Irénée toutefois ne s’est pas borné à faire appel contre les gnostiques à l’autorité traditionnelle. Il a aussi sa gnose catholique à opposer à l’hérésie, et là nous retrouvons le disciple de l’école johannique d’Asie-Mineure. Au Plérôme des éons il oppose sa théorie du Verbe et du Saint-Esprit, projections distinctes et personnelles du Père, et si ce qu’il dit des fonctions spéciales du Saint-Esprit est singulièrement obscur, on ne saurait contester qu’il déploie une véritable dextérité dialectique dans la manière dont il expose la théorie du Verbe divin. On peut sans doute encore relever dans ses explications quelques incohérences sur les rapports du Père et du Fils. C’est ainsi qu’il ne s’aperçoit pas que l’expression de mains de Dieu, employée par lui pour désigner le Fils et le Saint-Esprit, est incompatible avec l’idée de leur personnalité. Au fond, ce qui explique ces incohérences, c’est qu’il lui manquait à lui comme à ses adversaires le sens clair de la personnalité, de ce qu’elle suppose, de ce qu’elle exige. On en a une preuve nouvelle dans son enseignement sur la rédemption, une de ses doctrines les plus originales et en même temps les plus empreintes de gnosticisme.
Pour lui, il n’est pas douteux que tous les hommes ont péché en Adam, parce qu’Adam a péché. Par contre, le second Adam, le Christ, n’ayant pas péché, l’humanité dont il est la tête, qui s’unit à lui dans l’église, se présente à Dieu pure et sans reproche. Il ne s’est pas un moment arrêté devant l’idée qui, de nos jours, se présenterait immédiatement à notre esprit, que le mérite pas plus que la faute n’est transmissible. Il a une expression favorite pour indiquer ce rôle du Christ dans la rédemption : a il a récapitulé les choses, » dit-il, c’est-à-dire qu’il les a recommencées et concentrées de manière à leur donner un tour absolument autre que celui qu’elles avaient pris la première fois.
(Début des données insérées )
(* Let $B$ be a finite set of Boolean functions. Then there exists an MSO formula $\theta_{\mathit{imp}}$ over the vocabulary $\tau_{B,\mathit{imp}}$ such that for every set $\Gamma$ of propositional $B$-formulae and all $F,G\subseteq\Gamma$ it holds that $F\models G$ if and only if $\mathcal{A}_{F,G}\models\theta_{\mathit{imp}}$.
   Context: For a finite set $B$ of Boolean functions, a $B$-formula is a propositional formula built from propositional variables by applying functions $f\in B$ (0-ary functions act as constants). $F\models G$ means every assignment satisfying all formulae of $F$ satisfies all formulae of $G$. Let $\tau_B$ consist of a unary symbol $\mathrm{const}_f$ for each 0-ary $f\in B$ and a binary symbol $\mathrm{conn}_{f,i}$ for each $f\in B$, $1\le i\le\mathrm{arity}(f)$; let $\tau_{B,\mathit{imp}}=\tau_B\cup\{\mathrm{var},\mathrm{repr},\mathrm{reprPrem},\mathrm{reprConc}\}$, all new symbols unary. For sets $F,G$ of $B$-formulae, $\mathcal{A}_{F,G}$ is the $\tau_{B,\mathit{imp}}$-structure whose universe is the set of subformulae of formulae in $F\cup G$, where $\mathrm{var}(x)$ holds iff $x$ is a variable, $\mathrm{repr}(x)$ iff $x\in F\cup G$, $\mathrm{const}_f(x)$ iff $x$ is the constant $f$, $\mathrm{conn}_{f,i}(x,y)$ iff $x$ is the $i$-th argument of the function $f$ at the root of $y$, $\mathrm{reprPrem}(x)$ iff $x\in F$, and $\mathrm{reprConc}(x)$ iff $x\in G$. *)

theory Defs
  imports Main
begin

text \<open>A Boolean function is represented as a pair (n, g) of its arity n and
  the map g on argument lists (only its values on lists of length n matter).\<close>
type_synonym boolfun = "nat \<times> (bool list \<Rightarrow> bool)"

definition arity :: "boolfun \<Rightarrow> nat" where
  "arity f = fst f"

definition apply_bf :: "boolfun \<Rightarrow> bool list \<Rightarrow> bool" where
  "apply_bf f xs = snd f xs"

text \<open>Propositional formulae over variables (natural numbers) built by applying
  Boolean functions; a 0-ary function applied to no arguments is a constant.\<close>
datatype pform = PVar nat | App boolfun "pform list"

fun is_B_formula :: "boolfun set \<Rightarrow> pform \<Rightarrow> bool" where
  "is_B_formula B (PVar v) = True"
| "is_B_formula B (App f args) =
     (f \<in> B \<and> length args = arity f \<and> (\<forall>a\<in>set args. is_B_formula B a))"

fun eval :: "(nat \<Rightarrow> bool) \<Rightarrow> pform \<Rightarrow> bool" where
  "eval \<sigma> (PVar v) = \<sigma> v"
| "eval \<sigma> (App f args) = apply_bf f (map (eval \<sigma>) args)"

definition entails :: "pform set \<Rightarrow> pform set \<Rightarrow> bool" where
  "entails F G \<longleftrightarrow> (\<forall>\<sigma>. (\<forall>\<phi>\<in>F. eval \<sigma> \<phi>) \<longrightarrow> (\<forall>\<psi>\<in>G. eval \<sigma> \<psi>))"

fun subforms :: "pform \<Rightarrow> pform set" where
  "subforms (PVar v) = {PVar v}"
| "subforms (App f args) = insert (App f args) (\<Union>a\<in>set args. subforms a)"

text \<open>First-order variables and set (second-order) variables are both named by
  natural numbers, in separate name spaces.\<close>
datatype 'r mso =
    Rel 'r "nat list"
  | Eq nat nat
  | Mem nat nat
  | Neg "'r mso"
  | Conj "'r mso" "'r mso"
  | Ex1 nat "'r mso"
  | Ex2 nat "'r mso"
C’est ainsi que, par sa conjonction avec le Verbe divin, la vieille substance adamite s’est trouvée régénérée, et par momens Irénée parle comme si nous étions destinés à devenir nous-mêmes des êtres divins, en vertu de notre incorporation spirituelle, si j’ose ainsi dire, dans la substance divine. — Tunc demum dii (alors enfin nous serons des dieux), — dit-il en parlant des hommes. Cela rappelle fortement, il faut l’avouer, l’éon Sauveur des gnostiques. Ce n’est pas là toutefois que se borne pour Irénée l’œuvre rédemptrice, et décidément le point de vue gnostique a sur son esprit une influence dont il ne se doute pas. Irénée a beau avoir un parallèle catholique à opposer aux rédemptions gnostiques, on n’en retrouve pas moins chez lui cette même propension à personnifier les abstractions, à dramatiser la psychologie, qui caractérise si visiblement ses adversaires. En fait, sa doctrine de la rédemption est mythologique. Partant toujours de l’idée qu’Adam a péché en qualité de représentant de l’humanité tout entière, il en conclut que, par sa faute, nous étions devenus les esclaves du diable, son bien, son mobilier, sa chose. Pour nous sauver, il fallait que le Christ nous arrachât à ce pouvoir. Qu’a-t-il fait ? Il a offert au diable sa vie et son âme en échange des nôtres, et l’a décidé à les accepter comme notre rançon en usant avec lui d’une douce persuasion, suadela, analogue à celle dont l’adversaire s’était servi pour nous perdre, mais avec des intentions et des conséquences tout opposées. C’est ainsi que nous avons échappé à la domination diabolique. Les choses devaient marcher de la sorte, car il n’eût pas été conforme à l’équité d’un Dieu qui doit être juste, même envers le diable, de lui ravir violemment ce qui était à lui.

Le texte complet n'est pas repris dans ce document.